I want to implement a textual search with Lucene over some documents. The documents are provided already tokenized in a table:
|documentID|token|position|
'documentID' is the id of the document the token is in
'position' describes, on which position in the document the token is written
My first attempt was to create an index to search for tokens and return the documentID. So I created a Lucene-document for every documentID. To each Lucene-document I added one IntField 'documentID' and several StringFields 'token' for every token in this document. Therefor, no problem.
Now I started my second attempt, including position information. First thought: 'No Problem, just add StringFields 'position' to the Lucene-document!' But...Then I have no relation between the positions and the tokens. Here's an example what I want in the end:
INPUT:
tomato
OUTPUT:
docID1|position1
docID1|position2
docID2|position1
...
How can I achieve this? In my opinion, the simplest solution would be stopping converting document->Lucene-document and starting to map the single tokens to Lucene-documents.

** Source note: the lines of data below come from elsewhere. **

lemma poly_pderiv_prod_linear_at_root:
  fixes S :: "'a::idom set"
  assumes "finite S" "x \<in> S"
  shows "poly (pderiv (\<Prod>y\<in>S. [:-y, 1:])) x = (\<Prod>y\<in>S-{x}. (x - y))"
proof -
  have "(\<Sum>b\<in>S-{x}. \<Prod>y\<in>S-{b}. (x - y)) = 0"
    using assms by (intro sum.neutral) (auto simp: prod_zero_iff)
  then have "(\<Sum>b\<in>S. \<Prod>y\<in>S-{b}. (x - y)) = (\<Prod>y\<in>S-{x}. (x - y))"
    using assms by (subst sum.remove[of _ x]) auto
  then show ?thesis by (simp add: pderiv_prod poly_sum poly_prod pderiv_pCons)
qed

text \<open>Comparing the coefficients of \<open>x\<^sup>n\<^sup>-\<^sup>1\<close> in the Lagrange interpolation formula.\<close>

lemma lagrange_sum_eq_coeff:
  fixes S :: "'a::field set" and g :: "'a poly"
  assumes fin: "finite S" and ne: "S \<noteq> {}" and deg: "degree g < card S"
  shows "(\<Sum>x\<in>S. poly g x / (\<Prod>y\<in>S-{x}. (x - y))) = coeff g (card S - 1)"
proof -
  define n where "n = card S"
  have card_remove: "card (S - {x}) = n - 1" if "x \<in> S" for x
    using that fin by (simp add: n_def)
  define L where "L = (\<Sum>x\<in>S. smult (poly g x / (\<Prod>y\<in>S-{x}. (x - y))) (\<Prod>y\<in>S-{x}. [:-y, 1:]))"
  have poly_L: "poly L z = poly g z" if z: "z \<in> S" for z
  proof -
    have "(\<Sum>x\<in>S-{z}. poly g x / (\<Prod>y\<in>S-{x}. (x - y)) * (\<Prod>y\<in>S-{x}. (z - y))) = 0"
      using fin z by (intro sum.neutral) (auto simp: prod_zero_iff)
    moreover have "(\<Prod>y\<in>S-{z}. (z - y)) \<noteq> 0"
      using fin by (auto simp: prod_zero_iff)
    ultimately show ?thesis
      using fin z by (simp add: L_def poly_sum poly_prod sum.remove[of _ z])
  qed
  have "degree L \<le> n - 1"
    unfolding L_def
    by (intro degree_sum_le order.trans[OF degree_smult_le]) (auto simp: degree_prod_linear fin n_def)
  then have deg_diff: "degree (g - L) \<le> n - 1"
    using deg by (intro degree_diff_le) (auto simp: n_def)
  have "g - L = 0"
  proof (rule ccontr)
    assume nz: "g - L \<noteq> 0"
    have "card S \<le> card {x. poly (g - L) x = 0}"
      using poly_L poly_roots_finite[OF nz] by (intro card_mono) auto
    also have "\<dots> \<le> degree (g - L)" by (rule card_poly_roots_bound[OF nz])
    finally have "card S \<le> card S - 1" using deg_diff n_def by simp
    moreover have "card S > 0" using fin ne by (simp add: card_gt_0_iff)
    ultimately show False by linarith
  qed
  then have "g = L" by simp
  have "coeff (\<Prod>y\<in>S-{x}. [:-y, 1:]) (n - 1) = 1" if "x \<in> S" for x
    using coeff_prod_linear[of "S - {x}"] fin card_remove[OF that] by simp
  then have "coeff L (n - 1) = (\<Sum>x\<in>S. poly g x / (\<Prod>y\<in>S-{x}. (x - y)))"
    by (simp add: L_def coeff_sum cong: sum.cong)
  then show ?thesis using \<open>g = L\<close> n_def by simp
qed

So I create a Lucene-document for every unique token/documentID combination (of course just for documentIDs containing the token). Then I add the token and the documentID as fields to the document. Also, for every hit an IntField containing 'position' from the table.
Example:
StringField 'token1'
IntField 'documentID1'
IntField 'position1'
IntField 'position2'
IntFIeld 'position3'
StringField 'token1'
IntField 'documentID2'
IntField 'position1'
IntField 'position2'
Are there other ways to store linked fields?